Tangjiahui26 / DataAnalysisWithR

Homework For STAT545
http://stat545.com
0 stars 0 forks source link

hw03 ready for grading #5

Open Tangjiahui26 opened 7 years ago

Tangjiahui26 commented 7 years ago

@vincenzocoia @gvdr @ksedivyhaley @JoeyBernhardt @mynamedaike @pgonzaleze @derekcho

SHA: commit 43900164c7fffe38c234031220f63a4c8c51446c Homework03 folder hw03-Tang-Jiahui.md hw03-Tang-Jiahui-I want to do more.Rmd

mylinhthibodeau commented 7 years ago

Dear @Tangjiahui26,

You did an amazing job with the homework. I really like the fact that you detailed your process very well and it is easy to follow your train of thought.

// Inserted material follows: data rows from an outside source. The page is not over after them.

lemma hgroup_contraction:
  assumes "cmod lam \<noteq> 1 \<or> cmod mu \<noteq> 1"
  obtains h \<alpha> \<beta> where "h \<in> hgroup" "\<alpha> \<noteq> 0" "cmod \<alpha> < 1" "\<forall>t. h (lpt t) = lpt (\<alpha> * t + \<beta>)"
proof -
  have lt1: "cmod \<nu> < 1 \<or> cmod (inverse \<nu>) < 1" if "\<nu> \<noteq> 0" "cmod \<nu> \<noteq> 1" for \<nu> :: complex
    using that by (auto simp: norm_inverse intro: inverse_less_1_iff[THEN iffD2])
  have f: "homothety a lam \<in> hgroup" and g: "homothety b mu \<in> hgroup"
    by (auto intro: gen_group_generator)
  from assms consider "cmod lam < 1" | "cmod (inverse lam) < 1" | "cmod mu < 1" | "cmod (inverse mu) < 1"
    using lt1 lam_nz mu_nz by blast
  then show ?thesis
  proof cases
    case 1 then show ?thesis using that[OF f, of lam 0] lam_nz by (simp add: homothety_first_point)
  next
    case 2 then show ?thesis using that[OF hgroup_inverse_generators(1), of "inverse lam" 0] lam_nz
      by (simp add: homothety_first_point)
  next
    case 3 then show ?thesis using that[OF g, of mu "1 - mu"] mu_nz
      by (simp add: homothety_second_point)
  next
    case 4 then show ?thesis
      using that[OF hgroup_inverse_generators(2), of "inverse mu" "1 - inverse mu"] mu_nz by (simp add: homothety_second_point)
  qed
qed

text \<open>A contracting multiplier shrinks the commutator translation: G contains
  non-trivial translations of arbitrarily small length.\<close>
lemma line_shifts_small:
  assumes "lam \<noteq> 1" "mu \<noteq> 1" "cmod lam \<noteq> 1 \<or> cmod mu \<noteq> 1" "\<delta> > 0"
  shows "\<exists>s\<in>line_shifts. s \<noteq> 0 \<and> cmod s < \<delta>"
proof -
  obtain h \<alpha> \<beta> where h: "h \<in> hgroup" "\<alpha> \<noteq> 0" "cmod \<alpha> < 1" "\<forall>t. h (lpt t) = lpt (\<alpha> * t + \<beta>)"
    using hgroup_contraction assms(3) by blast
  define c where "c = (1 - mu) * (lam - 1)"
  have c: "c \<in> line_shifts" "c \<noteq> 0"
    using line_shifts_commutator assms(1,2) by (auto simp: c_def)
  have powers: "\<alpha> ^ n * c \<in> line_shifts" for n
    by (induction n) (use c h in \<open>auto simp: mult.assoc dest: line_shifts_conj\<close>)
  obtain n where n: "cmod \<alpha> ^ n < \<delta> / cmod c"
    using real_arch_pow_inv[of "\<delta> / cmod c" "cmod \<alpha>"] assms(4) c(2) h(3) by auto
  have "cmod (\<alpha> ^ n * c) < \<delta>"
    using n c(2) by (simp add: norm_mult norm_power pos_less_divide_eq)
  then show ?thesis using powers[of n] h(2) c(2) by (intro bexI[of _ "\<alpha> ^ n * c"]) simp_all
qed

text \<open>If moreover lam or mu is not real, the translation parameters are dense in C:
  they contain the lattices Z s + Z rho s for small s and a non-real multiplier rho.\<close>
lemma line_shifts_dense:
  assumes "lam \<noteq> 1" "mu \<noteq> 1" "cmod lam \<noteq> 1 \<or> cmod mu \<noteq> 1" "lam \<notin> \<real> \<or> mu \<notin> \<real>" "e > 0"
  shows "\<exists>\<sigma>\<in>line_shifts. cmod (w - \<sigma>) < e"
proof -
  obtain \<rho> k \<gamma> where \<rho>: "Im \<rho> \<noteq> 0" "k \<in> hgroup" "\<forall>t. k (lpt t) = lpt (\<rho> * t + \<gamma>)"
  proof (cases "lam \<in> \<real>")
    case True
    then show ?thesis using that[of mu "homothety b mu" "1 - mu"] assms(4)
      by (auto simp: complex_is_Real_iff homothety_second_point intro: gen_group_generator)
  next
    case False
    then show ?thesis using that[of lam "homothety a lam" 0]
      by (auto simp: complex_is_Real_iff homothety_first_point intro: gen_group_generator)
  qed
  have "e / (1 + cmod \<rho>) > 0" using assms(5) by (simp add: add_pos_nonneg)
  then obtain s where s: "s \<in> line_shifts" "s \<noteq> 0" "cmod s < e / (1 + cmod \<rho>)"
    using line_shifts_small[OF assms(1-3)] by blast
  have "\<rho> \<noteq> 0" using \<rho>(1) by auto
  then have \<rho>s: "\<rho> * s \<in> line_shifts"
    using line_shifts_conj[OF s(1) \<rho>(2) _ \<rho>(3)] by blast
  obtain i j :: int where ij:
    "cmod (w - (of_int i * s + of_int j * (\<rho> * s))) \<le> cmod s * (1 + cmod \<rho>) / 2"
    using lattice_approx[OF \<rho>(1) s(2)] by blast
  have "of_int i * s + of_int j * (\<rho> * s) \<in> line_shifts"
    by (intro line_shifts_add line_shifts_int_mult s(1) \<rho>s)
  moreover have "cmod s * (1 + cmod \<rho>) / 2 < e"
    using s(3) assms(5) by (simp add: pos_less_divide_eq add_pos_nonneg)
  ultimately show ?thesis
    using ij by (meson bexI le_less_trans)
qed

subsection \<open>The three cases\<close>

lemma real_case_not_dense:
  assumes "lam \<in> \<real>" "mu \<in> \<real>" "a \<noteq> b"
  shows "lpt \<i> \<notin> closure (orbit hgroup a)"
proof
  assume closure: "lpt \<i> \<in> closure (orbit hgroup a)"
  have "norm (b - a) > 0" using assms(3) by simp
  with closure obtain y where y: "y \<in> orbit hgroup a" "dist y (lpt \<i>) < norm (b - a)"
    unfolding closure_approachable by blast
  then obtain h where h: "h \<in> hgroup" "y = h a" by (auto simp: orbit_iff)
  obtain \<alpha> \<beta> where ab: "\<beta> \<in> \<real>" "\<forall>t. h (lpt t) = lpt (\<alpha> * t + \<beta>)"
    using hgroup_real[OF assms(1,2) h(1)] by blast
  have "y = lpt \<beta>" using h(2) ab(2) line_point_0[of a b] by (metis add_0 mult_zero_right)
  then have "dist y (lpt \<i>) = cmod (\<beta> - \<i>) * norm (b - a)" by (simp add: dist_line_point)
  moreover have "1 \<le> cmod (\<beta> - \<i>)"
    using abs_Im_le_cmod[of "\<beta> - \<i>"] ab(1) by (simp add: complex_is_Real_iff)
  then have "norm (b - a) \<le> cmod (\<beta> - \<i>) * norm (b - a)"
    using mult_right_mono[of 1 "cmod (\<beta> - \<i>)" "norm (b - a)"] by simp
  ultimately show False using y(2) by simp
qed

lemma isometric_case:
  assumes "cmod lam = 1" "cmod mu = 1" "closure (orbit hgroup a) = cline a b" "z \<in> cline a b"
  shows "cline a b \<subseteq> closure (orbit hgroup z)"
proof -
  have isometry: "dist (h x) (h y) = dist x y"
    if hG: "h \<in> hgroup" and xy: "x \<in> cline a b" "y \<in> cline a b" for h x y
  proof -
    obtain \<alpha> \<beta> where ab: "cmod \<alpha> = 1" "\<forall>t. h (lpt t) = lpt (\<alpha> * t + \<beta>)"
      using hgroup_isometric[OF assms(1,2) hG] by blast
    obtain u v where "x = lpt u" "y = lpt v" using xy by (auto simp: cline_eq_range)
    then show ?thesis using ab
      by (simp add: dist_line_point norm_mult right_diff_distrib[symmetric])
  qed
  have near: "\<exists>h\<in>hgroup. dist (h a) y < e" if y: "y \<in> cline a b" and e: "e > 0" for y e
  proof -
    have "y \<in> closure (orbit hgroup a)" using y assms(3) by simp
    then obtain x where "x \<in> orbit hgroup a" "dist x y < e"
      using e unfolding closure_approachable by blast
    then show ?thesis by (auto simp: orbit_iff)
  qed
  have a_line: "a \<in> cline a b" using line_point_0[of a b] by (metis cline_eq_range rangeI)
  show ?thesis
  proof
    fix y assume y: "y \<in> cline a b"
    show "y \<in> closure (orbit hgroup z)"
      unfolding closure_approachable
    proof (intro allI impI)
      fix e :: real assume e: "e > 0"
      obtain h where h: "h \<in> hgroup" "dist (h a) z < e/2"
        using near[OF assms(4) half_gt_zero[OF e]] by blast
      obtain h' where h': "h' \<in> hgroup" "dist (h' a) y < e/2"
        using near[OF y half_gt_zero[OF e]] by blast
      have inv_h: "inv h \<in> hgroup" "inv h (h a) = a"
        using hgroup_bij_inv[OF h(1)] by (auto simp: bij_is_inj)
      have kz: "inv h z \<in> cline a b" using hgroup_maps_line[OF inv_h(1) assms(4)] .
      have "dist (h' (inv h z)) (h' a) = dist z (h a)"
        using isometry[OF h'(1) kz a_line]
          isometry[OF inv_h(1) assms(4) hgroup_maps_line[OF h(1) a_line]]
        by (simp add: inv_h(2))
      then have "dist (h' (inv h z)) y < e"
        using dist_triangle[of "h' (inv h z)" y "h' a"] h(2) h'(2) by (simp add: dist_commute)
      moreover have "h' (inv h z) \<in> orbit hgroup z"
        using gen_group_comp[OF h'(1) inv_h(1)] unfolding orbit_iff by (metis comp_apply)
      ultimately show "\<exists>x\<in>orbit hgroup z. dist x y < e" by blast
    qed
  qed
qed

I think you deserve full marks because it shows that you put a lot of time and effort in your homework, but since you did mention some remaining questions you had about the best approach to solve certain problems, I thought I could provide you some of the tips I found.

Task 2

Here, I think you did a good job, but using a histogram may not be the best way to plot summary statistics. Moreover, in order for the bars to be coloured, you need to write fill = colour in aes. For example, if I am doing a plot of how many gdpPercap data entries there is per continent, I would write:

gapminder %>% 
  group_by(continent, gdpPercap) %>%
  ggplot(aes(x = continent)) +
  geom_bar(aes(stat = "identity", fill=continent))

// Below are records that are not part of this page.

(* Let $i\in\{1,2\}$ and let $\alpha_1,\dots,\alpha_N$ be $x_i$-curves in $\mathbb{R}^2$. Then there are $x_i$-curves $\beta_j=\gamma^i(f_j)$, $j=1,\dots,N$, such that $\alpha_1\cup\dots\cup\alpha_N=\beta_1\cup\dots\cup\beta_N$ and $f_{j-1}(t)\le f_j(t)$ for all $t\in\mathbb{R}$ and all $1<j\le N$. If the curves $\alpha_j$ are piecewise linear, then so are the curves $\beta_j$.
   Context: For a $1$-Lipschitz $f:\mathbb{R}\to\mathbb{R}$, the $x_1$-curve parametrized by $f$ is $\gamma^1(f)=\{(t,f(t)):t\in\mathbb{R}\}$ and the $x_2$-curve is $\gamma^2(f)=\{(f(t),t):t\in\mathbb{R}\}$. An $x_i$-curve is a set of this form; it is piecewise linear if its parametrization is. *)

theory Defs
  imports "HOL-Analysis.Analysis"
begin

definition gamma :: "nat \<Rightarrow> (real \<Rightarrow> real) \<Rightarrow> (real \<times> real) set" where
  "gamma i f = (if i = 1 then {(t, f t) | t. True} else {(f t, t) | t. True})"

definition lip1 :: "(real \<Rightarrow> real) \<Rightarrow> bool" where
  "lip1 f \<longleftrightarrow> 1-lipschitz_on UNIV f"

definition piecewise_linear :: "(real \<Rightarrow> real) \<Rightarrow> bool" where
  "piecewise_linear f \<longleftrightarrow> (\<exists>S. finite S \<and>
     (\<forall>a b. {a<..<b} \<inter> S = {} \<longrightarrow> (\<exists>m c. \<forall>t\<in>{a..b}. f t = m * t + c)))"

definition is_curve :: "nat \<Rightarrow> (real \<times> real) set \<Rightarrow> bool" where
  "is_curve i A \<longleftrightarrow> (\<exists>f. lip1 f \<and> A = gamma i f)"

definition is_pl_curve :: "nat \<Rightarrow> (real \<times> real) set \<Rightarrow> bool" where
  "is_pl_curve i A \<longleftrightarrow> (\<exists>f. lip1 f \<and> piecewise_linear f \<and> A = gamma i f)"

end

theory Submission
  imports Defs
begin

text \<open>Let \<open>g\<^sub>1, \<dots>, g\<^sub>N\<close> parametrize the given curves and let \<open>f\<^sub>j(t)\<close> be the \<open>j\<close>-th smallest of
  \<open>g\<^sub>1(t), \<dots>, g\<^sub>N(t)\<close>. At every \<open>t\<close> this merely reorders the values, so the union of the curves is
  unchanged and \<open>f\<^sub>1 \<le> \<dots> \<le> f\<^sub>N\<close>. Since the \<open>j\<close>-th smallest value is the minimum over all
  \<open>j\<close>-element index sets \<open>J\<close> of \<open>max\<^sub>k\<^sub>\<in>\<^sub>J g\<^sub>k(t)\<close>, each \<open>f\<^sub>j\<close> is obtained from the \<open>g\<^sub>k\<close> by
  pointwise minima and maxima, and both 1-Lipschitz and piecewise linear functions are closed under
  these. For \<open>min f g\<close> of piecewise linear \<open>f, g\<close> the extra breakpoints are the zeros of \<open>f - g\<close>
  to whose right \<open>f - g\<close> does not vanish identically; there are finitely many, because two of them
  are always separated by a breakpoint of \<open>f\<close> or \<open>g\<close>.\<close>

lemma lip1_max:
  assumes "lip1 f" "lip1 g"
  shows "lip1 (\<lambda>t. max (f t) (g t))"
proof -
  have "\<bar>f x - f y\<bar> \<le> \<bar>x - y\<bar>" "\<bar>g x - g y\<bar> \<le> \<bar>x - y\<bar>" for x y
    using assms by (auto simp: lip1_def dist_real_def dest: lipschitz_onD)
  then show ?thesis
    unfolding lip1_def by (intro lipschitz_onI) (auto simp: dist_real_def max_def abs_le_iff, smt+)
qed

lemma lip1_uminus: "lip1 (\<lambda>t. - f t) \<longleftrightarrow> lip1 f"
  by (simp add: lip1_def)

lemma lip1_min:
  assumes "lip1 f" "lip1 g"
  shows "lip1 (\<lambda>t. min (f t) (g t))"
proof -
  have "(\<lambda>t. min (f t) (g t)) = (\<lambda>t. - max (- f t) (- g t))"
    by (auto simp: fun_eq_iff min_def max_def)
  then show ?thesis using assms by (simp add: lip1_uminus lip1_max)
qed

definition affine_on :: "real set \<Rightarrow> (real \<Rightarrow> real) \<Rightarrow> bool" where
  "affine_on A f \<longleftrightarrow> (\<exists>m c. \<forall>t\<in>A. f t = m * t + c)"

lemma piecewise_linear_iff_affine_on:
  "piecewise_linear f \<longleftrightarrow> (\<exists>S. finite S \<and> (\<forall>a b. {a<..<b} \<inter> S = {} \<longrightarrow> affine_on {a..b} f))"
  by (simp add: piecewise_linear_def affine_on_def)

lemma affine_on_diff:
  assumes "affine_on A f" "affine_on A g"
  shows "affine_on A (\<lambda>t. f t - g t)"
proof -
  obtain m c m' c' where "\<forall>t\<in>A. f t = m * t + c" "\<forall>t\<in>A. g t = m' * t + c'"
    using assms by (auto simp: affine_on_def)
  then have "\<forall>t\<in>A. f t - g t = (m - m') * t + (c - c')"
    by (simp add: algebra_simps)
  then show ?thesis unfolding affine_on_def by blast
qed

lemma affine_on_uminusI:
  assumes "affine_on A f"
  shows "affine_on A (\<lambda>t. - f t)"
proof -
  obtain m c where "\<forall>t\<in>A. f t = m * t + c" using assms by (auto simp: affine_on_def)
  then have "\<forall>t\<in>A. - f t = (- m) * t + (- c)" by simp
  then show ?thesis unfolding affine_on_def by blast
qed

lemma affine_on_uminus: "affine_on A (\<lambda>t. - f t) \<longleftrightarrow> affine_on A f"
  using affine_on_uminusI[of A "\<lambda>t. - f t"] affine_on_uminusI[of A f] by auto

lemma affine_on_eqI: "affine_on A f \<Longrightarrow> (\<And>t. t \<in> A \<Longrightarrow> g t = f t) \<Longrightarrow> affine_on A g"
  by (simp add: affine_on_def)

lemma affine_on_nonpos:
  assumes "affine_on {a..b} D" "D a \<le> 0" "D b \<le> 0" "t \<in> {a..b}"
  shows "D t \<le> 0"
proof -
  obtain m c where D: "\<forall>t\<in>{a..b}. D t = m * t + c" using assms(1) by (auto simp: affine_on_def)
  have "a \<le> t" "t \<le> b" using assms(4) by auto
  then have "m * t \<le> max (m * a) (m * b)"
    by (cases "m \<ge> 0") (auto intro: mult_left_mono mult_left_mono_neg max.coboundedI1 max.coboundedI2)
  then show ?thesis using D assms by auto
qed

definition nonflat_zeros :: "(real \<Rightarrow> real) \<Rightarrow> real set" where
  "nonflat_zeros D = {t. D t = 0 \<and> \<not> (\<forall>\<^sub>F s in at_right t. D s = 0)}"

lemma affine_on_sign_change:
  assumes "affine_on {a..b} D" "a \<le> b" "D a * D b < 0"
  obtains t where "t \<in> {a<..<b}" "t \<in> nonflat_zeros D"
proof -
  obtain m c where D: "\<forall>t\<in>{a..b}. D t = m * t + c" using assms(1) by (auto simp: affine_on_def)
  have "m \<noteq> 0" using D assms(2,3) by auto
  define t where "t = - c / m"
  have Dt: "D s = m * (s - t)" if "s \<in> {a..b}" for s
    using D that \<open>m \<noteq> 0\<close> by (simp add: t_def algebra_simps)
  have "m\<^sup>2 * ((a - t) * (b - t)) < 0"
    using assms(2,3) Dt[of a] Dt[of b] by (simp add: power2_eq_square algebra_simps)
  then have "(a - t) * (b - t) < 0"
    by (simp add: mult_less_0_iff)
  with assms(2) have t: "t \<in> {a<..<b}"
    by (auto simp: mult_less_0_iff)
  have "\<not> (\<forall>\<^sub>F s in at_right t. D s = 0)"
  proof
    assume "\<forall>\<^sub>F s in at_right t. D s = 0"
    moreover have "\<forall>\<^sub>F s in at_right t. s \<in> {t<..<b}"
      using t by (intro eventually_at_right_real) auto
    ultimately obtain s where "D s = 0" "s \<in> {t<..<b}"
      using eventually_happens'[OF trivial_limit_at_right_real] eventually_conj by blast
    then show False using Dt[of s] t \<open>m \<noteq> 0\<close> by auto
  qed
  moreover have "D t = 0" using Dt[of t] t by simp
  ultimately show ?thesis using that t by (auto simp: nonflat_zeros_def)
qed

lemma nonflat_zeros_separated:
  assumes "affine_on {x..y} D" "x \<in> nonflat_zeros D" "y \<in> nonflat_zeros D"
  shows "y \<le> x"
proof (rule ccontr)
  assume "\<not> y \<le> x"
  then have "D s = 0" if "s \<in> {x..y}" for s
    using affine_on_nonpos[OF assms(1), of s] affine_on_nonpos[of x y "\<lambda>t. - D t" s]
      assms that by (auto simp: nonflat_zeros_def affine_on_uminus)
  then have "\<forall>\<^sub>F s in at_right x. D s = 0"
    using \<open>\<not> y \<le> x\<close> by (intro eventually_at_rightI[of x y]) auto
  then show False using assms(2) by (simp add: nonflat_zeros_def)
qed

lemma finite_if_separated_by_finite:
  fixes C S :: "'a::linorder set"
  assumes "finite S" "\<And>x y. x \<in> C \<Longrightarrow> y \<in> C \<Longrightarrow> x < y \<Longrightarrow> \<exists>s\<in>S. x < s \<and> s < y"
  shows "finite C"
proof -
  have not_less: "\<not> x < y"
    if "x \<in> C" "y \<in> C" and eq: "{s\<in>S. s < x} = {s\<in>S. s < y}" for x y
  proof
    assume "x < y"
    then obtain s where "s \<in> S" "x < s" "s < y"
      using assms(2) \<open>x \<in> C\<close> \<open>y \<in> C\<close> by blast
    then have "s < x" using eq by blast
    with \<open>x < s\<close> show False by (rule order.asym)
  qed
  have "inj_on (\<lambda>c. {s\<in>S. s < c}) C"
  proof (rule inj_onI)
    fix x y assume "x \<in> C" "y \<in> C" "{s\<in>S. s < x} = {s\<in>S. s < y}"
    then have "\<not> x < y" "\<not> y < x" using not_less by metis+
    then show "x = y" by (simp add: antisym_conv3)
  qed
  moreover have "(\<lambda>c. {s\<in>S. s < c}) ` C \<subseteq> Pow S" by blast
  ultimately show ?thesis using assms(1) by (simp add: inj_on_finite)
qed

lemma affine_on_min:
  assumes "affine_on {a..b} f" "affine_on {a..b} g"
    and "{a<..<b} \<inter> nonflat_zeros (\<lambda>t. f t - g t) = {}"
  shows "affine_on {a..b} (\<lambda>t. min (f t) (g t))"
proof (cases "a \<le> b")
  case False
  then show ?thesis by (simp add: affine_on_def)
next
  case True
  define D where "D = (\<lambda>t. f t - g t)"
  have D: "affine_on {a..b} D" unfolding D_def using assms(1,2) by (rule affine_on_diff)
  consider "D a \<le> 0" "D b \<le> 0" | "D a \<ge> 0" "D b \<ge> 0" | "D a * D b < 0"
    using zero_le_mult_iff[of "D a" "D b"] by linarith
  then show ?thesis
  proof cases
    case 1
    then have "min (f t) (g t) = f t" if "t \<in> {a..b}" for t
      using affine_on_nonpos[OF D _ _ that] by (simp add: D_def)
    then show ?thesis by (rule affine_on_eqI[OF assms(1)])
  next
    case 2
    then have "min (f t) (g t) = g t" if "t \<in> {a..b}" for t
      using affine_on_nonpos[OF affine_on_uminusI[OF D] _ _ that] by (simp add: D_def)
    then show ?thesis by (rule affine_on_eqI[OF assms(2)])
  next
    case 3
    then obtain t where "t \<in> {a<..<b}" "t \<in> nonflat_zeros D"
      using affine_on_sign_change[OF D True] by blast
    then show ?thesis using assms(3) unfolding D_def by blast
  qed
qed

lemma piecewise_linear_min:
  assumes "piecewise_linear f" "piecewise_linear g"
  shows "piecewise_linear (\<lambda>t. min (f t) (g t))"
proof -
  obtain Sf Sg where "finite Sf" "finite Sg"
    and Sf: "\<And>a b. {a<..<b} \<inter> Sf = {} \<Longrightarrow> affine_on {a..b} f"
    and Sg: "\<And>a b. {a<..<b} \<inter> Sg = {} \<Longrightarrow> affine_on {a..b} g"
    using assms unfolding piecewise_linear_iff_affine_on by metis
  define S where "S = Sf \<union> Sg"
  define Z where "Z = nonflat_zeros (\<lambda>t. f t - g t)"
  have affine: "affine_on {a..b} f" "affine_on {a..b} g" if "{a<..<b} \<inter> S = {}" for a b
    using that Sf[of a b] Sg[of a b] unfolding S_def by blast+
  have "finite Z"
  proof (rule finite_if_separated_by_finite)
    show "finite S" using \<open>finite Sf\<close> \<open>finite Sg\<close> by (simp add: S_def)
    fix x y assume "x \<in> Z" "y \<in> Z" "x < y"
    then show "\<exists>s\<in>S. x < s \<and> s < y"
      using nonflat_zeros_separated[OF affine_on_diff[OF affine], of x y]
      unfolding Z_def by fastforce
  qed
  have "finite (S \<union> Z)"
    using \<open>finite Sf\<close> \<open>finite Sg\<close> \<open>finite Z\<close> by (simp add: S_def)
  moreover have "affine_on {a..b} (\<lambda>t. min (f t) (g t))" if "{a<..<b} \<inter> (S \<union> Z) = {}" for a b
    using that affine[of a b] by (intro affine_on_min) (auto simp: Z_def)
  ultimately show ?thesis
    unfolding piecewise_linear_iff_affine_on by blast
qed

For plots of summary statistics, I would recommend using a point for the mean and a line representing the mininum-maximum span.

gapminder %>%
  group_by(continent) %>%
  ggplot(aes(x=continent, y=gdpPercap, colour = continent)) +
  stat_summary(fun.y = mean, fun.ymin = min, fun.ymax = max,
  colour = "red")

Or a boxplot can also represent summary statistics quite well.

gapminder %>%
  group_by(continent) %>%
  ggplot(aes(x=continent, y=log10(gdpPercap))) +
  geom_boxplot(aes(colour = continent))

Or you can do a mean weighted as a function of the population this way.

gapminder %>%
  group_by(year, continent) %>%
  summarize(gdpPercap_wtmean = weighted.mean(gdpPercap, pop)) %>%
  ggplot(aes(x=year, y= gdpPercap_wtmean)) +
  geom_point(aes(colour = continent))

In the last part of your homework, it is unclear what you are trying to plot.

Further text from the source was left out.